§ **Exercise data**:
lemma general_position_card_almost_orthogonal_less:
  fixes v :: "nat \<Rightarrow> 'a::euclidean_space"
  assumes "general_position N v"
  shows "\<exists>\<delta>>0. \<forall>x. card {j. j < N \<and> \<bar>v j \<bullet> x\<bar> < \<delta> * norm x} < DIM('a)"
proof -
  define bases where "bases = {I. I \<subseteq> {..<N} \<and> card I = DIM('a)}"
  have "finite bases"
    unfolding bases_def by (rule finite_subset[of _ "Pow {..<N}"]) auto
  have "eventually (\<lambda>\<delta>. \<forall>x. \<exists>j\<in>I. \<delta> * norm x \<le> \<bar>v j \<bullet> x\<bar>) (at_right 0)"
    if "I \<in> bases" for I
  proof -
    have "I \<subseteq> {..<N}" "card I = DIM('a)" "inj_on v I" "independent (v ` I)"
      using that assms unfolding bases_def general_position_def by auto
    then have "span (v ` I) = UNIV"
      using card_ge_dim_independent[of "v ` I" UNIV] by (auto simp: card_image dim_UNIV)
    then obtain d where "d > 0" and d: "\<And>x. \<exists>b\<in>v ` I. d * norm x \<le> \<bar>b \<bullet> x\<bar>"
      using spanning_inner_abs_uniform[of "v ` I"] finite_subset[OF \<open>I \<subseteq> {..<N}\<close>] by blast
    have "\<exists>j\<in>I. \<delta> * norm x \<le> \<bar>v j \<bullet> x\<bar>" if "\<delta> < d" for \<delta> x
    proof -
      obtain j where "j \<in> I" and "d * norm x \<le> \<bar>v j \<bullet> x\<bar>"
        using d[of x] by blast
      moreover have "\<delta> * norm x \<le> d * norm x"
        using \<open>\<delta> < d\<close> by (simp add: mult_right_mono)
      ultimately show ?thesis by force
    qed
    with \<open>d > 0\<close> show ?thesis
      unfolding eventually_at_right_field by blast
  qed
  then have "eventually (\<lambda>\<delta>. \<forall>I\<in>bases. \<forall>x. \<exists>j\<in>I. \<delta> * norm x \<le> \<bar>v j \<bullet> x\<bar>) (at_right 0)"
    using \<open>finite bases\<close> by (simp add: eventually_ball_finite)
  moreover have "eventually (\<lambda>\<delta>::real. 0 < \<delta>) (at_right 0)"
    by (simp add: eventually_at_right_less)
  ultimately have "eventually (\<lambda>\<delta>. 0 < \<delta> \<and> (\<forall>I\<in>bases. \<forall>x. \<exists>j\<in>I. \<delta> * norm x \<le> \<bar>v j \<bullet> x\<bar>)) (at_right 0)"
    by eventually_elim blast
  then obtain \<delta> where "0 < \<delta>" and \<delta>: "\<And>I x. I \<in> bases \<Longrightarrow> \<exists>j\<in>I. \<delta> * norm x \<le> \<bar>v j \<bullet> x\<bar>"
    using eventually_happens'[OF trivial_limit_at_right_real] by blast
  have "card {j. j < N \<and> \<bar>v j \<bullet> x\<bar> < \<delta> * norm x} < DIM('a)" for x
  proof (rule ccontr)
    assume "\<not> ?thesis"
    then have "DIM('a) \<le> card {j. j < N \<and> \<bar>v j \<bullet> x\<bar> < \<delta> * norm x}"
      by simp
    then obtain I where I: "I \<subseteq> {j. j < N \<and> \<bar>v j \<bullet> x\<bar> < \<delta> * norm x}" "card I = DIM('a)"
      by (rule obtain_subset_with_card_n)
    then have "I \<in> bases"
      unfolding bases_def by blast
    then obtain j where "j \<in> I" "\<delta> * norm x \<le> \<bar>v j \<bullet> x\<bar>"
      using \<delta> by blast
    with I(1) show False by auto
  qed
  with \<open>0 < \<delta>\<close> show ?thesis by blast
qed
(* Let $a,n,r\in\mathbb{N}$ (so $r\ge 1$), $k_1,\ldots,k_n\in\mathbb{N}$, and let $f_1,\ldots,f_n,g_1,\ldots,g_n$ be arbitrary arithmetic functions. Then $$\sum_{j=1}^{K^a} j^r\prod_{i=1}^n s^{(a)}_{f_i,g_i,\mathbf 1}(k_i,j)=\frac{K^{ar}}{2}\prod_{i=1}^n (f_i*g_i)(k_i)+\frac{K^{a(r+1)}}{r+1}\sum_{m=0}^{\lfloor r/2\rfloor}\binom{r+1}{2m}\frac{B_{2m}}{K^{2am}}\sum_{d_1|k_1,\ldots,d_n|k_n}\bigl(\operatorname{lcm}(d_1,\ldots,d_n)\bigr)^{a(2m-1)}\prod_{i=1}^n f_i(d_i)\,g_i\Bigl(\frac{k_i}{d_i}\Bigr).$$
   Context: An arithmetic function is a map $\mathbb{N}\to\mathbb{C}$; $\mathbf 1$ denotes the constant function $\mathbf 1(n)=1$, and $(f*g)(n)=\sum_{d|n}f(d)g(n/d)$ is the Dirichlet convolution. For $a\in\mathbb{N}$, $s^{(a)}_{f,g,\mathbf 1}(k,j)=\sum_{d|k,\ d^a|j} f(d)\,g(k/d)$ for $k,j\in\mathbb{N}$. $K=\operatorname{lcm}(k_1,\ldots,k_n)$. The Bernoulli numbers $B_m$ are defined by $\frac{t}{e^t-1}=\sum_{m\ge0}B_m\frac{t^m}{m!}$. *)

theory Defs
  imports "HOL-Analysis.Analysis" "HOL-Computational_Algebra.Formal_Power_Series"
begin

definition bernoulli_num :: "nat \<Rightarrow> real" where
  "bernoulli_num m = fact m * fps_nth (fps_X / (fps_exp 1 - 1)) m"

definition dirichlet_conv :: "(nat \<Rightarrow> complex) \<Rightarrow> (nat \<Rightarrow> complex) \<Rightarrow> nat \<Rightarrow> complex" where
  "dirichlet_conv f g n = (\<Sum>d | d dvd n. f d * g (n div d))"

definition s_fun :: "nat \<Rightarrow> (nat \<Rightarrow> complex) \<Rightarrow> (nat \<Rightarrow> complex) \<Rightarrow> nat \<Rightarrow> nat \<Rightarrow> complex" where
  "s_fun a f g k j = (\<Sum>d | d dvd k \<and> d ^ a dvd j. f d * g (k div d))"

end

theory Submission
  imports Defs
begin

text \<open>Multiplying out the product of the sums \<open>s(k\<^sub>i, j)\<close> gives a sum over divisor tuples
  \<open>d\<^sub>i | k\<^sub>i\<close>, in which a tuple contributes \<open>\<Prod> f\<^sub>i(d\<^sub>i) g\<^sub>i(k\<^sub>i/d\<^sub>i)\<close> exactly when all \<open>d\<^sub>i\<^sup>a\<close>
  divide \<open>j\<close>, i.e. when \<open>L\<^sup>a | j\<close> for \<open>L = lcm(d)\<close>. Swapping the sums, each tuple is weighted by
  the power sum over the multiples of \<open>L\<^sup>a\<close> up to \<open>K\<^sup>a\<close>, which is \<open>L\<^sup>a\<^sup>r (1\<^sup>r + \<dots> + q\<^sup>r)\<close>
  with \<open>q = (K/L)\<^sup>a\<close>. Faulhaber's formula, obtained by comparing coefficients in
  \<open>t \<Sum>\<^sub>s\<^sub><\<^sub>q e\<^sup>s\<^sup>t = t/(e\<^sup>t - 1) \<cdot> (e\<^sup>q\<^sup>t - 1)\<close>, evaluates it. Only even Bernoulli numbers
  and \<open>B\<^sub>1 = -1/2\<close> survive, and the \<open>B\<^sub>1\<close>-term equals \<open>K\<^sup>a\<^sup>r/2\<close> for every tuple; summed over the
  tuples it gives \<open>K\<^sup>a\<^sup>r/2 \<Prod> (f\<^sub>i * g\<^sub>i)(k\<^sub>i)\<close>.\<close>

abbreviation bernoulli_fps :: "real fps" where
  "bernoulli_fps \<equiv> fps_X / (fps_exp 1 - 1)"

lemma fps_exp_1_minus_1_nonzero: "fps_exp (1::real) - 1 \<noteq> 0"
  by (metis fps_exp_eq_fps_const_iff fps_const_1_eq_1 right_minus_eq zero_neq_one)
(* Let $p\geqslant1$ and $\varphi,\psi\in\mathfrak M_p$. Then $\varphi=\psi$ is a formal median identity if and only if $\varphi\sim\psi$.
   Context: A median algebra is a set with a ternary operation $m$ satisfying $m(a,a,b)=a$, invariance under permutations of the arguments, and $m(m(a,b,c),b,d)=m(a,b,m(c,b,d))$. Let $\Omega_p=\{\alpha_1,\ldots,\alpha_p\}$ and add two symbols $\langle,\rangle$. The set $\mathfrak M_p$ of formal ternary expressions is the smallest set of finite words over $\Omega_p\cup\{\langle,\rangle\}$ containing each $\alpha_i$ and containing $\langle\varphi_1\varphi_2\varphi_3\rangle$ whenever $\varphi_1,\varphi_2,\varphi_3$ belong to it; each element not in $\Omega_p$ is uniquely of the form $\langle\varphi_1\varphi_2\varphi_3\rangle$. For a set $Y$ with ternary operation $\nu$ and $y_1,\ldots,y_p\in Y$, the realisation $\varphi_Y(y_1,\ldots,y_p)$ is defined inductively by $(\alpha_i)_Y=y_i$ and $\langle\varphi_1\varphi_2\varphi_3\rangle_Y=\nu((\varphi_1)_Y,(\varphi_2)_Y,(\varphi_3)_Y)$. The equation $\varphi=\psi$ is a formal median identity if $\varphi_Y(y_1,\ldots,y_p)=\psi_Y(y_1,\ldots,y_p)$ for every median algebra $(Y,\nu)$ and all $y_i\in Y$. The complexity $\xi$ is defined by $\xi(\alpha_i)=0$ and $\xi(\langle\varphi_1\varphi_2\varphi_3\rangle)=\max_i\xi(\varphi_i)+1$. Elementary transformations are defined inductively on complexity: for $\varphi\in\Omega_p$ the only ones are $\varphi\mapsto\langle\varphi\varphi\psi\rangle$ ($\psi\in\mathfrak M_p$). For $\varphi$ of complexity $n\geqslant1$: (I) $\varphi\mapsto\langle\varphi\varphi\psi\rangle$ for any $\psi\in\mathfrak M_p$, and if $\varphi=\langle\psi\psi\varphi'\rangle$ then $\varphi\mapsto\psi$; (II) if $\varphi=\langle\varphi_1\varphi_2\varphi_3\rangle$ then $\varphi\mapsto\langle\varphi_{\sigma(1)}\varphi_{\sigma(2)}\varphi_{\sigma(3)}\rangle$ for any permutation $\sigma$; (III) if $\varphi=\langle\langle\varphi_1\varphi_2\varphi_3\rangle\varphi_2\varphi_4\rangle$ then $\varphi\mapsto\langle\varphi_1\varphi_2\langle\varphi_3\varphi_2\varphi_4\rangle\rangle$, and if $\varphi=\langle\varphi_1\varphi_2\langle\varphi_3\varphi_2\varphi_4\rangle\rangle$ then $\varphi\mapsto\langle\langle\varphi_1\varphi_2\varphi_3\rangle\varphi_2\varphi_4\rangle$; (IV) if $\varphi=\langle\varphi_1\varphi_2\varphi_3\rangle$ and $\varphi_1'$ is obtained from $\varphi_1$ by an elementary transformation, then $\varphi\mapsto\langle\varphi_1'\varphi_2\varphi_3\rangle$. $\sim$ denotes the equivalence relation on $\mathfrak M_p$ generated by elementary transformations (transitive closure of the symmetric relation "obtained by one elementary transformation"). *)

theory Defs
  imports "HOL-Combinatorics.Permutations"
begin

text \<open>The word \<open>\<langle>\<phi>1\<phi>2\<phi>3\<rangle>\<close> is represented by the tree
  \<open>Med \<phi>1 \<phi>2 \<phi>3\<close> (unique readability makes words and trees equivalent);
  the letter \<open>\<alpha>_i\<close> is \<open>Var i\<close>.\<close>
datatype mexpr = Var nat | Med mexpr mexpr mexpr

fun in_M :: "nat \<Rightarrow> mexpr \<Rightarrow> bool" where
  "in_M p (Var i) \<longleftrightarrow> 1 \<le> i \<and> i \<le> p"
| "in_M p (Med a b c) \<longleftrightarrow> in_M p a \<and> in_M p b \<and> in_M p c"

§ **What you will do**:
An exact, complete copy of the lines above from the one with "divide \<open>j\<close>, i.e." through the one with "even Bernoulli numbers" is the whole answer.

§ **Solution**:
  divide \<open>j\<close>, i.e. when \<open>L\<^sup>a | j\<close> for \<open>L = lcm(d)\<close>. Swapping the sums, each tuple is weighted by
  the power sum over the multiples of \<open>L\<^sup>a\<close> up to \<open>K\<^sup>a\<close>, which is \<open>L\<^sup>a\<^sup>r (1\<^sup>r + \<dots> + q\<^sup>r)\<close>
  with \<open>q = (K/L)\<^sup>a\<close>. Faulhaber's formula, obtained by comparing coefficients in
  \<open>t \<Sum>\<^sub>s\<^sub><\<^sub>q e\<^sup>s\<^sup>t = t/(e\<^sup>t - 1) \<cdot> (e\<^sup>q\<^sup>t - 1)\<close>, evaluates it. Only even Bernoulli numbers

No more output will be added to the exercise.